- Weldon Weldon
- Coordinates: 31°01′18″N 95°34′17″W﻿ / ﻿31.02167°N 95.57139°W
- Country: United States
- State: Texas
- County: Houston
- Elevation: 249 ft (76 m)

Population (2000)
- • Total: 131
- Time zone: UTC-6 (Central (CST))
- • Summer (DST): UTC-5 (CDT)
- ZIP code: 75835
- GNIS feature ID: 1371008

= Weldon, Texas =

Weldon is an unincorporated community in Houston County, Texas, United States. According to the Handbook of Texas, the community had a population of 131 in 2000.

==History==
The Weldon area was settled sometime after the Civil War. A post office was established at Weldon in 1869. The community became a lumber town when the Waco, Beaumont, Trinity and Sabine Railway built a track through the settlement in the 1880s. With 150 residents in 1885, the community's businesses consisted of saw and gristmills, a cotton gin, two general stores, a drugstore, and a meat market. It continued to be a successful community in the 1910s and 1920s and by the 1930s, the population grew to 200 and still had several businesses. It plunged to 80 by 1950, then grew to 131 from 1990 through 2000.

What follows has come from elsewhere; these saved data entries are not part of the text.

(* Let $G$ be the two-player game with $A_i=\{a_{i1},a_{i2}\}$ and $\pi(a_{11},a_{21})=(5,5)$, $\pi(a_{11},a_{22})=(0,0)$, $\pi(a_{12},a_{21})=(0,0)$, $\pi(a_{12},a_{22})=(5,10)$. Then for every $p\in(0,1)$, the pure profile $(a_{11},a_{21})$ is stable for the degree of observability $p$ (although it is Pareto dominated by $(a_{12},a_{22})$).
   Context: Preference types: $\Theta=\mathbb{R}^A$, $A=A_1\times A_2$ (extended bilinearly; $\pi_i$ likewise). $\mathcal{M}(\Theta^2)$: product distributions $\mu=\mu_1\times\mu_2$ with finitely supported marginals; $\mu(\theta)=\mu_1(\theta_1)\mu_2(\theta_2)$, $\mu_{-i}=\mu_j$ ($j\ne i$). Mutants: for nonempty $J\subseteq N=\{1,2\}$, $\tilde\theta_J\in\prod_{j\in J}(\Theta\setminus\operatorname{supp}\mu_j)$ with shares $\varepsilon\in(0,1)^{|J|}$, $\|\varepsilon\|=\max_j\varepsilon_j$; post-entry $\tilde\mu^\varepsilon_i=(1-\varepsilon_i)\mu_i+\varepsilon_i\delta_{\tilde\theta_i}$ for $i\in J$, $\mu_i$ otherwise. Partial observability with degree $p\in(0,1)$: each player independently observes opponents' types with probability $p$ and otherwise knows only $\mu_{-i}$. Strategies: $b:\operatorname{supp}\mu\to\prod_i\Delta(A_i)$ (play when observing) and $s_i:\operatorname{supp}\mu_i\to\Delta(A_i)$ (play when not observing), $s(\theta)=(s_i(\theta_i))_i$. For a matched profile $\theta$ and the set $T\subseteq N$ of non-observing players, the profile played is $(s(\theta)_T,b(\theta)_{-T})$. $(b,s)$ is an equilibrium if for all $\theta\in\operatorname{supp}\mu$ and $i$: $b_i(\theta)\in\arg\max_{\sigma_i}\sum_{T\subseteq N\setminus\{i\}}p^{n-1-|T|}(1-p)^{|T|}\theta_i(\sigma_i,(s_{-i}(\theta_{-i})_T,b_{-i}(\theta)_{-T}))$ and $s_i(\theta_i)\in\arg\max_{\sigma_i}\sum_{\theta'_{-i}}\mu_{-i}(\theta'_{-i})\sum_{T\subseteq N\setminus\{i\}}p^{n-1-|T|}(1-p)^{|T|}\theta_i(\sigma_i,(s_{-i}(\theta'_{-i})_T,b_{-i}(\theta_i,\theta'_{-i})_{-T}))$ (here $n=2$); $B_p(\mu)$ is the set of these; $(\mu,b,s)$ is a configuration. Aggregate outcome: $\varphi_{\mu,b,s}(a)=\sum_{\theta}\mu(\theta)\sum_{T\subseteq N}p^{n-|T|}(1-p)^{|T|}\prod_i(s(\theta)_T,b(\theta)_{-T})_i(a_i)$. Average fitness: $\Pi_{\theta_i}(\mu;b,s)=\sum_{\theta'_{-i}}\mu_{-i}(\theta'_{-i})\sum_{T\subseteq N}p^{n-|T|}(1-p)^{|T|}\pi_i(s(\theta_i,\theta'_{-i})_T,b(\theta_i,\theta'_{-i})_{-T})$. Balanced: equal average fitness of all types within each population. Nearby set: $B_p^\eta(\tilde\mu^\varepsilon;b,s)=\{(\tilde b,\tilde s)\in B_p(\tilde\mu^\varepsilon):\max_i\|\tilde b_i(\theta)-b_i(\theta)\|\le\eta,\ \max_i\|\tilde s_i(\theta_i)-s_i(\theta_i)\|\le\eta\ \forall\theta\in\operatorname{supp}\mu\}$. $(\mu,b,s)$ is stable (for degree $p$) if balanced and for every nonempty $J$, every $\tilde\theta_J$, every $\eta>0$, there are $\bar\eta\in[0,\eta)$, $\bar\epsilon\in(0,1)$ such that for all $\varepsilon$ with $\|\varepsilon\|\in(0,\bar\epsilon)$, $B_p^{\bar\eta}(\tilde\mu^\varepsilon;b,s)\ne\emptyset$ and each of its elements satisfies (i) some $j\in J$ has $\Pi_{\theta_j}>\Pi_{\tilde\theta_j}$ (post-entry) for all $\theta_j\in\operatorname{supp}\mu_j$, or (ii) for every $i$ all types in $\operatorname{supp}\tilde\mu^\varepsilon_i$ have equal post-entry average fitness. A pure profile $a^*$ is stable for degree $p$ if the point mass at $a^*$ is the aggregate outcome of a stable configuration for $p$. *)

theory Defs
  imports Complex_Main
begin
lemma root_path_nth_in_level:
  assumes "walk V E xs" "distinct xs" "hd xs = rt" "i < length xs"
  shows "xs ! i \<in> level i"
  using gdist_path_nth[OF assms(1,2,4)] assms unfolding level_def walk_def by auto

lemma root_path_level_last:
  assumes "walk V E xs" "distinct xs" "hd xs = rt"
  shows "last xs \<in> level (length xs - 1)"
  using path_length_gdist[OF assms(1,2)] assms unfolding level_def walk_def by auto

lemma exists_root_path:
  assumes "v \<in> level k"
  obtains xs where "walk V E xs" "distinct xs" "hd xs = rt" "last xs = v" "length xs = Suc k"
  using exists_shortest_path[OF root_in_V, of v] assms unfolding level_def by auto

lemma level_0: "level 0 = {rt}"
proof -
  have "v = rt" if "v \<in> level 0" for v
    using that by (rule exists_root_path) (auto simp: length_Suc_conv)
  moreover have "rt \<in> level 0"
    using root_path_level_last[of "[rt]"] root_in_V by (simp add: walk_def)
  ultimately show ?thesis by blast
qed

lemma root_notin_level: "0 < k \<Longrightarrow> rt \<notin> level k"
  using level_0 unfolding level_def by auto

lemma level_1: "level 1 = neighbors rt"
proof
  show "level 1 \<subseteq> neighbors rt"
  proof
    fix v assume "v \<in> level 1"
    then obtain xs where "walk V E xs" "hd xs = rt" "last xs = v" "length xs = 2"
      by (rule exists_root_path) auto
    then show "v \<in> neighbors rt"
      unfolding neighbors_def walk_def by (auto simp: numeral_2_eq_2 length_Suc_conv)
  qed
next
  show "neighbors rt \<subseteq> level 1"
  proof
    fix v assume "v \<in> neighbors rt"
    then have "walk V E [rt, v]" "distinct [rt, v]"
      using root_in_V edge_irrefl unfolding neighbors_def walk_def by auto
    then show "v \<in> level 1" using root_path_level_last by fastforce
  qed
qed

lemma parent_exists:
  assumes "q \<in> level (Suc j)"
  shows "\<exists>p \<in> level j. E p q"
proof -
  obtain xs where xs: "walk V E xs" "distinct xs" "hd xs = rt" "last xs = q" "length xs = Suc (Suc j)"
    using assms by (rule exists_root_path)
  then have "E (xs ! j) (xs ! Suc j)" "xs ! Suc j = q"
    unfolding walk_def by (auto simp: successively_nth last_conv_nth)
  then show ?thesis using root_path_nth_in_level[OF xs(1-3)] xs(5) by auto
qed

lemma root_path_avoids_level:
  assumes "walk V E xs" "distinct xs" "hd xs = rt" "length xs \<le> k"
  shows "set xs \<inter> level k = {}"
proof -
  have "xs ! i \<notin> level k" if "i < length xs" for i
    using root_path_nth_in_level[OF assms(1-3) that] that assms(4) unfolding level_def by auto
  then show ?thesis by (auto simp: in_set_conv_nth)
qed

lemma path_extension_level:
  assumes "walk V E xs" "distinct xs" "hd xs = rt" "E (last xs) q" "q \<notin> set xs"
  shows "q \<in> level (length xs)"
  using path_snoc[OF assms(1,2,4,5)] root_path_level_last[of "xs @ [q]"] assms(1,3)
  unfolding walk_def by auto

lemma parent_unique:
  assumes "p1 \<in> level j" "p2 \<in> level j" "q \<in> level (Suc j)" "E p1 q" "E p2 q"
  shows "p1 = p2"
proof -
  obtain xs1 where xs1: "walk V E xs1" "distinct xs1" "hd xs1 = rt" "last xs1 = p1" "length xs1 = Suc j"
    using assms(1) by (rule exists_root_path)
  obtain xs2 where xs2: "walk V E xs2" "distinct xs2" "hd xs2 = rt" "last xs2 = p2" "length xs2 = Suc j"
    using assms(2) by (rule exists_root_path)
  have "q \<notin> set xs1" "q \<notin> set xs2"
    using root_path_avoids_level[OF xs1(1-3)] root_path_avoids_level[OF xs2(1-3)] xs1(5) xs2(5) assms(3)
    by auto
  then have "xs1 @ [q] = xs2 @ [q]"
    using path_unique[of "xs1 @ [q]" "xs2 @ [q]"] path_snoc[OF xs1(1,2)] path_snoc[OF xs2(1,2)]
      xs1 xs2 assms(4,5) unfolding walk_def by auto
  then show ?thesis using xs1(4) xs2(4) by simp
qed

lemma neighbors_eq_insert_parent:
  assumes "p \<in> level (Suc m)"
  shows "\<exists>x \<in> level m. neighbors p = insert x (children p)"
proof -
  obtain xs where xs: "walk V E xs" "distinct xs" "hd xs = rt" "last xs = p" "length xs = Suc (Suc m)"
    using assms by (rule exists_root_path)
  have last_nth: "xs ! Suc m = p" using xs(4,5) by (metis last_conv_nth diff_Suc_1 list.size(3) nat.distinct(1))
  define x where "x = xs ! m"
  have "x \<in> level m" unfolding x_def using root_path_nth_in_level[OF xs(1-3)] xs(5) by simp
  have "E x p"
    unfolding x_def using xs(1,5) last_nth by (auto simp: walk_def successively_nth)
  have "q = x" if "q \<in> neighbors p" "q \<in> set xs" for q
  proof -
    obtain i where i: "i < length xs" "xs ! i = q" using \<open>q \<in> set xs\<close> by (auto simp: in_set_conv_nth)
    have "E q p" using that(1) edge_sym unfolding neighbors_def by auto
    then have "walk V E [q, p]" "distinct [q, p]"
      using edge_in_V edge_irrefl unfolding walk_def by auto
    moreover have "walk V E (drop i xs)" "distinct (drop i xs)"
      using walk_drop[OF xs(1) i(1)] xs(2) by auto
    ultimately have "drop i xs = [q, p]"
      using path_unique[of "drop i xs" "[q, p]"] i xs(4) by (simp add: hd_drop_conv_nth last_drop)
    then have "length xs - i = 2" by (metis length_drop length_Cons list.size(3) numeral_2_eq_2)
    then have "i = m" using xs(5) by simp
    then show ?thesis using i unfolding x_def by simp
  qed
  moreover have "q \<in> children p" if "q \<in> neighbors p" "q \<notin> set xs" for q
    using path_extension_level[OF xs(1-3)] that xs(4,5) assms
    unfolding children_def neighbors_def level_def by auto
  moreover have "x \<in> neighbors p" "children p \<subseteq> neighbors p"
    using \<open>E x p\<close> edge_sym edge_in_V unfolding neighbors_def children_def by auto
  ultimately show ?thesis using \<open>x \<in> level m\<close> by blast
qed

lemma children_subset_level: "p \<in> level j \<Longrightarrow> children p \<subseteq> level (Suc j)"
  unfolding children_def level_def by auto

On May 11, 2021, an EF0 tornado struck Weldon.

The Beaumont and Great Northern Railroad operated an orphan line from Livingston to Weldon.

==Geography==
Weldon is located on Farm to Market Road 230, 21 mi south of Crockett in southern Houston County.

==Education==
The community's first school opened in either the 1870s or 1880s. Weldon is served by the Lovelady Independent School District.

==USAAF TB-25C Plane Crash==
On July 14, 1945, a USAAF North American TB-25C (trainer variant) suffering apparent engine trouble crashed one mile northwest of Weldon, killing 11 passengers and crew. The airplane exploded into flames upon impact with the ground, scattering wreckage over an area of 400 yards.

==Notable people==
- M. B. Etheredge: awarded the Texas Legislative Medal of Honor for his actions during battle in World War II.
- Quentin P. Smith, airman who served as a B-25 bombardier with the Tuskegee Airmen during World War II.